いずれにしても不祥事が発生したら、担当取締役(企業トップ、CCO、監査役などの委員)は事実関係の把握に努め、根本的な原因追究、損害の拡大防止、早期収束、再発防止、対外的開示のあり方を検討する必要がある。また、必要に応じて調査委員会や第三者委員会を設置することになる。一方で、監査役は直ちに企業不祥事に関する報告を求め、それらに関する取締役・調査委員会などの対応状況について、監視し、検証しなければならない。企業側に法令違反があると、責任追及の問題に発展し、深刻な事故を起こした場合は、背景となった組織的要因や企業風土にも厳しい目が注がれる。そうした事態を想定して、平時からいざという場合に対応できる備えを用意しておくことが肝心だ。

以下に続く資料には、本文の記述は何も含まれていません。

lemma scale_left_le: "scale_left f y x \<le> mass f x y * ennreal (y - x)"
proof -
  have "scale_left f y x \<le> (\<integral>\<^sup>+ u. mass f x y * indicator {x..y} u \<partial>lborel)"
    unfolding scale_left_def by (intro nn_integral_mono) (auto simp: indicator_def mass_mono)
  also have "\<dots> = mass f x y * ennreal (y - x)"
    by (subst nn_integral_cmult_indicator) (auto simp: emeasure_lborel_Icc_eq ennreal_neg)
  finally show ?thesis .
qed

lemma scale_fun_finite:
  assumes "\<And>a b. mass f a b < \<infinity>"
  shows "scale_fun f y x < \<infinity>"
  using le_less_trans[OF scale_right_le] le_less_trans[OF scale_left_le] assms
  unfolding scale_fun_def by (simp add: ennreal_mult_less_top)

lemma scale_right_mono: "x \<le> x' \<Longrightarrow> scale_right f y x \<le> scale_right f y x'"
  unfolding scale_right_def by (intro nn_integral_mono) (auto simp: indicator_def)

lemma scale_left_antimono: "x \<le> x' \<Longrightarrow> scale_left f y x' \<le> scale_left f y x"
  unfolding scale_left_def by (intro nn_integral_mono) (auto simp: indicator_def)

不祥事が起きた時、適時・的確な情報開示をするためには、トップを含む不正に関与した者に対する厳正な処分、適切な対応が求められる。不正に関わった者に経営の指揮を取らせていては、会社に対する不信感を払拭できないからだ。不祥事で損なった企業の価値を早く回復するために、日本取引所自主規制法人は2016年2月、「上場会社における不祥事対応のプリンシプル」を公表した。企業活動において、自社(グループ会社を含む)に関わる不祥事またはその疑義が把握された場合、当該企業は必要十分な調査により事実関係や原因を解明し、その結果を元に再発防止を図ることを通じて、自浄作用を発揮する必要がある。その際、確かな企業価値を再生するために、上場会社では速やかにステークホルダーからの信頼回復を図りつつ、確かな企業価値の再生に資するよう、下記に示したようなプリンシプルの考え方を元に、行動・対処することが期待される。

【上場企業における不祥事対応のプリンシプル(日本取引所自主規制法人)】

1.不祥事の根本的な原因の解明 ・不祥事の原因究明に当たっては、必要十分な調査範囲を設定の上、表面的な現象や因果 関係の列挙にとどまることなく、その背景等を明らかにしつつ事実認定を確実に行い、根本的な原因を解明するよう努める。

・そのために、必要十分な調査が尽くされるよう、最適な調査体制を構築するとともに、社内体制についても適切な調査環境の整備に努める。その際、独立役員を含め適格な者が率先して自浄作用の発揮に努める。
2.第三者委員会を設置する場合における独立性・中立性・専門性の確保 ・内部統制の有効性や経営陣の信頼性に相当の疑義が生じている場合、当該企業の企業価値の毀損(きそん)度合いが大きい場合、複雑な事案あるいは社会的影響が重大な事案である場合などには、調査の客観性・中立性・専門性を確保するため、第三者委員会の設置が有力な選択肢となる。そのような趣旨から第三者委員会を設置する際には、委員の選定プロセスを含め、その独立性・中立性・専門性を確保するために十分な配慮を行う。

・また、第三者委員会という形式をもって、安易で不十分な調査に、客観性・中立性の装いを持たせるような事態を招かないよう留意する。
3.実効性の高い再発防止策の策定と迅速な実行 再発防止策は、根本的な原因に即した実効性の高い方策とし、迅速かつ着実に実行する。 この際、組織の変更や社内規則の改訂などにとどまらず、再発防止策の本旨が日々の業務運営などに具体的に反映されることが重要であり、その目的に沿って運用され、定着しているかを十分に検証する。
4.迅速かつ的確な情報開示 不祥事に関する情報開示は、その必要に即し、把握の段階から再発防止策実施の段階に至るまで迅速かつ的確に行う。この際、経緯や事案の内容、会社の見解等を丁寧に説明するなど、透明性の確保に努める。